_WHAT IS EXPECTED:_
Please copy the entries below word for word.

_TASK INPUTS:_

lemma nth_block: "i < 2 * t \<Longrightarrow> block (x, t) ! i = (if i < t then x else other x)"
  by (auto simp: block_def nth_append)

lemma block_0 [simp]: "block (x, 0) = []"
  by (simp add: block_def)

lemma block_append_eq_block_append:
  assumes "1 \<le> t" "1 \<le> s" "block (x, t) @ u = block (y, s) @ v"
  shows "x = y \<and> t = s"
proof -
  have nth_eq: "block (x, t) ! i = block (y, s) ! i" if "i < 2 * t" "i < 2 * s" for i
    using assms(3) that by (metis length_block nth_append)
  have "x = y"
    using nth_eq[of 0] assms(1,2) by (simp add: nth_block)
  moreover have "\<not> t < s" "\<not> s < t"
    using nth_eq[of t] nth_eq[of s] \<open>x = y\<close> assms(1,2) by (auto simp: nth_block)
  ultimately show ?thesis
    by simp
qed

lemma splitting_Nil [simp]: "splitting [] d \<longleftrightarrow> d = []"
  by (cases d) (auto simp: splitting_def block_def)

lemma splitting_Cons [simp]:
  "splitting w ((x, t) # d) \<longleftrightarrow> 1 \<le> t \<and> (\<exists>w'. w = block (x, t) @ w' \<and> splitting w' d)"
  by (auto simp: splitting_def)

_WRITTEN REPLY:_
lemma nth_block: "i < 2 * t \<Longrightarrow> block (x, t) ! i = (if i < t then x else other x)"
  by (auto simp: block_def nth_append)

lemma block_0 [simp]: "block (x, 0) = []"
  by (simp add: block_def)

lemma block_append_eq_block_append:
  assumes "1 \<le> t" "1 \<le> s" "block (x, t) @ u = block (y, s) @ v"
  shows "x = y \<and> t = s"
proof -
  have nth_eq: "block (x, t) ! i = block (y, s) ! i" if "i < 2 * t" "i < 2 * s" for i
    using assms(3) that by (metis length_block nth_append)
  have "x = y"
    using nth_eq[of 0] assms(1,2) by (simp add: nth_block)
  moreover have "\<not> t < s" "\<not> s < t"
    using nth_eq[of t] nth_eq[of s] \<open>x = y\<close> assms(1,2) by (auto simp: nth_block)
  ultimately show ?thesis
    by simp
qed

lemma splitting_Nil [simp]: "splitting [] d \<longleftrightarrow> d = []"
  by (cases d) (auto simp: splitting_def block_def)

lemma splitting_Cons [simp]:
  "splitting w ((x, t) # d) \<longleftrightarrow> 1 \<le> t \<and> (\<exists>w'. w = block (x, t) @ w' \<and> splitting w' d)"
  by (auto simp: splitting_def)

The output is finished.